» **STUDY MATERIAL**
┌──

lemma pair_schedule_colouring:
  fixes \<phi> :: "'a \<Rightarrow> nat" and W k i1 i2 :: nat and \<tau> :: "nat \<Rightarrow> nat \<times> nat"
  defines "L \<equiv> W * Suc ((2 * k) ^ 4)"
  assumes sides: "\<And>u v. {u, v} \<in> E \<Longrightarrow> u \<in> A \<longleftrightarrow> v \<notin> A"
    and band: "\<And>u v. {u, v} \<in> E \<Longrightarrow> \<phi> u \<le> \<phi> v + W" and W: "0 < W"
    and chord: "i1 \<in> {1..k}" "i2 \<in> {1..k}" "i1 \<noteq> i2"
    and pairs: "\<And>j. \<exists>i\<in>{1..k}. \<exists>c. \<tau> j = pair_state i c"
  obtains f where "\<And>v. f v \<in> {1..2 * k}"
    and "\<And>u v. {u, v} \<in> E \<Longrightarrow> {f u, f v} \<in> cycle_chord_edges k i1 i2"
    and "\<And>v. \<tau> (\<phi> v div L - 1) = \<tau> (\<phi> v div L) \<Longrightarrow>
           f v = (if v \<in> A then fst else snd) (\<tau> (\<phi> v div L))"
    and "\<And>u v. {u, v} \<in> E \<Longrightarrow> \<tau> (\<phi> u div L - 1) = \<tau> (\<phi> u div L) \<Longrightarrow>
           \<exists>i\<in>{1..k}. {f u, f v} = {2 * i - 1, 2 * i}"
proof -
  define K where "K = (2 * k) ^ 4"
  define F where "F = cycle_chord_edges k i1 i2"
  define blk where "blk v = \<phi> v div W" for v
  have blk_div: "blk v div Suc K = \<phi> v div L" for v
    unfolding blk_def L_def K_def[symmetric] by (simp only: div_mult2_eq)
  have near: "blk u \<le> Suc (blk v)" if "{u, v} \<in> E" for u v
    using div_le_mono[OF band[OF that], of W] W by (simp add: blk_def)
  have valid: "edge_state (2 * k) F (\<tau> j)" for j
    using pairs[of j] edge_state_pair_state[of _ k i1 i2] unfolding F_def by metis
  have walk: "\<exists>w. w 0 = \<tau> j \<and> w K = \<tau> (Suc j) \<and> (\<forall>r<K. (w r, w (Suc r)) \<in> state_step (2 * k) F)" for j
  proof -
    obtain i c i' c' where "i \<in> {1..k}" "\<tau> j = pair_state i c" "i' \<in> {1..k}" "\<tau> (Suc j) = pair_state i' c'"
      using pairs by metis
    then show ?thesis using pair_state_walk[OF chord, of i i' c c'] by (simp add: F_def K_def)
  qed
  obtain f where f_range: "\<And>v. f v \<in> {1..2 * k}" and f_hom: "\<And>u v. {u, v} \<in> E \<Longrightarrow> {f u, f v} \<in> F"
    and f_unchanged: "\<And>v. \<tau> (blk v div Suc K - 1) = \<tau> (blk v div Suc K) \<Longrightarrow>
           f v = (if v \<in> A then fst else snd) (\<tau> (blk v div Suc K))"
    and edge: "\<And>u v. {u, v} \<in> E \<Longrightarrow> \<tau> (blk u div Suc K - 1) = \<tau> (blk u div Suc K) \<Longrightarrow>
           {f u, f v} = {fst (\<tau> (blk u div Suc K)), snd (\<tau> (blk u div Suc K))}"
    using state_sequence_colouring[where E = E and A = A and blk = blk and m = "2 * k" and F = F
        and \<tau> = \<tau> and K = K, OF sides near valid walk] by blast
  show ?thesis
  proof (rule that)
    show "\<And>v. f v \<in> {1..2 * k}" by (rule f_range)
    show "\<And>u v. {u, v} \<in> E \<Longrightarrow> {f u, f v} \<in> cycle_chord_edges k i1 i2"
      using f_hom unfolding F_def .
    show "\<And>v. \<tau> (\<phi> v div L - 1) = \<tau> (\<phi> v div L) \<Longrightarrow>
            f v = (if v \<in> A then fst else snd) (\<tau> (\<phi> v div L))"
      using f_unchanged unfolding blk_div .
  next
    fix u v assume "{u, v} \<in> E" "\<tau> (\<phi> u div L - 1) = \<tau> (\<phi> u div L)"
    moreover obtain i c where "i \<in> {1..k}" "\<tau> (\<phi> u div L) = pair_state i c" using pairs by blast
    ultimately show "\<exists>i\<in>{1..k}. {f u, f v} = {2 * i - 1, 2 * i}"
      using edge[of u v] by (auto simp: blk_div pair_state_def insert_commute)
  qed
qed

└──
┌──

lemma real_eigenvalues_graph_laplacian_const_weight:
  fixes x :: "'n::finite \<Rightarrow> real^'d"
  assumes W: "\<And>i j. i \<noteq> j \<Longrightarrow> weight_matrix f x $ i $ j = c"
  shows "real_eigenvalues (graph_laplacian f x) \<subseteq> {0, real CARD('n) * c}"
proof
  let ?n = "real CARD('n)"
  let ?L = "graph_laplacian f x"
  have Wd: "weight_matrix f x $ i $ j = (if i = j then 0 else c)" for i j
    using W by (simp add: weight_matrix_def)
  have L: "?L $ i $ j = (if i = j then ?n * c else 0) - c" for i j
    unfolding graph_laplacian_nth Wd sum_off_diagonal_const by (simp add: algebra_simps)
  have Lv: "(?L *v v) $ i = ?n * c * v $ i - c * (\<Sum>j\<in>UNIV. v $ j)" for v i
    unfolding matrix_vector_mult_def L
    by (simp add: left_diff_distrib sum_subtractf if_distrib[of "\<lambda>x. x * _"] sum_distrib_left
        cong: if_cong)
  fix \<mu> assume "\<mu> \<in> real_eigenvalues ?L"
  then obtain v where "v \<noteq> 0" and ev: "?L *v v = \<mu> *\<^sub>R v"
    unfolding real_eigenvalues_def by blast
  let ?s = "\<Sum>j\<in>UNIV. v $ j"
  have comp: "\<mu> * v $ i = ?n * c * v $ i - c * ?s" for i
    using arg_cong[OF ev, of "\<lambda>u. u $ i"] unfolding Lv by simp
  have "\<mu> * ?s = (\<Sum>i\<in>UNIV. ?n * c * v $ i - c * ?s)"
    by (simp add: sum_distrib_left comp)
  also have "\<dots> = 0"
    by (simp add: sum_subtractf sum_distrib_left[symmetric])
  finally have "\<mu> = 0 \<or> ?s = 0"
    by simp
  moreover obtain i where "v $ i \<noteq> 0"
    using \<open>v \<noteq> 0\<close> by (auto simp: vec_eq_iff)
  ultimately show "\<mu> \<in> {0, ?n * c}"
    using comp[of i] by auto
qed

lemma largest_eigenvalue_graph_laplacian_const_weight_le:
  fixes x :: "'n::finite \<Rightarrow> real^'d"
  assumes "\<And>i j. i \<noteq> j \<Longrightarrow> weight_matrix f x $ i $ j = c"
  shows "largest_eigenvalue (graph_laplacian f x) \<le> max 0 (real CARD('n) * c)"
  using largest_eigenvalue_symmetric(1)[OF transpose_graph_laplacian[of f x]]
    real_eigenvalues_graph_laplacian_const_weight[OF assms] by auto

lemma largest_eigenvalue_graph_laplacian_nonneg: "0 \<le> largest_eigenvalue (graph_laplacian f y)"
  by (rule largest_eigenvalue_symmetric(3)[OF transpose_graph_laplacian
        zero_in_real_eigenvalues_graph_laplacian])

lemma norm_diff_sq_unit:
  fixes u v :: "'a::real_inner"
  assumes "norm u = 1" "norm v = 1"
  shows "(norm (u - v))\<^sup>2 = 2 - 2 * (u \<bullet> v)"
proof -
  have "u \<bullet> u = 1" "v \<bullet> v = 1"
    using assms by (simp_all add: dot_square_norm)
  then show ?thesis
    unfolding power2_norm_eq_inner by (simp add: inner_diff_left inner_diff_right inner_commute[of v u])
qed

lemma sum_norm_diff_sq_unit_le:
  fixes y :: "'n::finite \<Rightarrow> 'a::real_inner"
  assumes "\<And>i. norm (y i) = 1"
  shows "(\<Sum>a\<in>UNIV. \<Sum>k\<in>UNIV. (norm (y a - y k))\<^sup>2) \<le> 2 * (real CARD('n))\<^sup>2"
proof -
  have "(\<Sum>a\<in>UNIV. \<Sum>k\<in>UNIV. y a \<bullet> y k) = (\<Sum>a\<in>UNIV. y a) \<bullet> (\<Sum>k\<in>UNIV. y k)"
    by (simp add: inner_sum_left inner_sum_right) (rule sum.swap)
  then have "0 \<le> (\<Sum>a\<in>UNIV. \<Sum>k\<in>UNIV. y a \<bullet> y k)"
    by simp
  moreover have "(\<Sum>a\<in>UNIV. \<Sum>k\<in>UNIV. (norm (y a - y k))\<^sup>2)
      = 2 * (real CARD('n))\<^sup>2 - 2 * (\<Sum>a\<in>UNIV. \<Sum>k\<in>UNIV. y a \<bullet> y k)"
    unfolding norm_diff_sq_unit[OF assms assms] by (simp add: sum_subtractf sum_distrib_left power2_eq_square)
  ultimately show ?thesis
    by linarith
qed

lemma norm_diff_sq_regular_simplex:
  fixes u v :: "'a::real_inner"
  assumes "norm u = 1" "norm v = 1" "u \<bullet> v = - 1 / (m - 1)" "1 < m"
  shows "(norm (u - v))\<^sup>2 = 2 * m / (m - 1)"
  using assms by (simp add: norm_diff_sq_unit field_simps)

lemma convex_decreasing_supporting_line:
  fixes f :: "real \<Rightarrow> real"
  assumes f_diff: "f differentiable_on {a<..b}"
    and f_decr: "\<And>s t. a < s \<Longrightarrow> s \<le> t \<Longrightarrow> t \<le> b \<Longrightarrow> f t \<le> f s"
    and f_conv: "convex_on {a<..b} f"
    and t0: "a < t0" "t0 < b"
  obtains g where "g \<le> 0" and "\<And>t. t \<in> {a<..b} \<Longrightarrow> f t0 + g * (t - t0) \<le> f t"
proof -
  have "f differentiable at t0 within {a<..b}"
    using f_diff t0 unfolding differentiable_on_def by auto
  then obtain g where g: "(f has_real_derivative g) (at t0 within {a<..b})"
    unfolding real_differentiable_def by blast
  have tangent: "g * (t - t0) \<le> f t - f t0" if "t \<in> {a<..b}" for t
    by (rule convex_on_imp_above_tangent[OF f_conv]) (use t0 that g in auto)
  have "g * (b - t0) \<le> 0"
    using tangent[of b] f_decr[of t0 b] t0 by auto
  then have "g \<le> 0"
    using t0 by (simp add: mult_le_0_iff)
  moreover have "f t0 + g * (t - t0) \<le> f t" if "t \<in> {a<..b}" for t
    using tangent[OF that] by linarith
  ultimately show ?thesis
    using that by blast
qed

└──

» **WORK TO BE COMPLETED**
The required output is every line above from the one with "v div Suc K) \<Longrightarrow>" down to the one with "u div Suc K) \<Longrightarrow>", restated word for word, ends included.

» **RESULT OF THE EXERCISE**
    and f_unchanged: "\<And>v. \<tau> (blk v div Suc K - 1) = \<tau> (blk v div Suc K) \<Longrightarrow>
           f v = (if v \<in> A then fst else snd) (\<tau> (blk v div Suc K))"
    and edge: "\<And>u v. {u, v} \<in> E \<Longrightarrow> \<tau> (blk u div Suc K - 1) = \<tau> (blk u div Suc K) \<Longrightarrow>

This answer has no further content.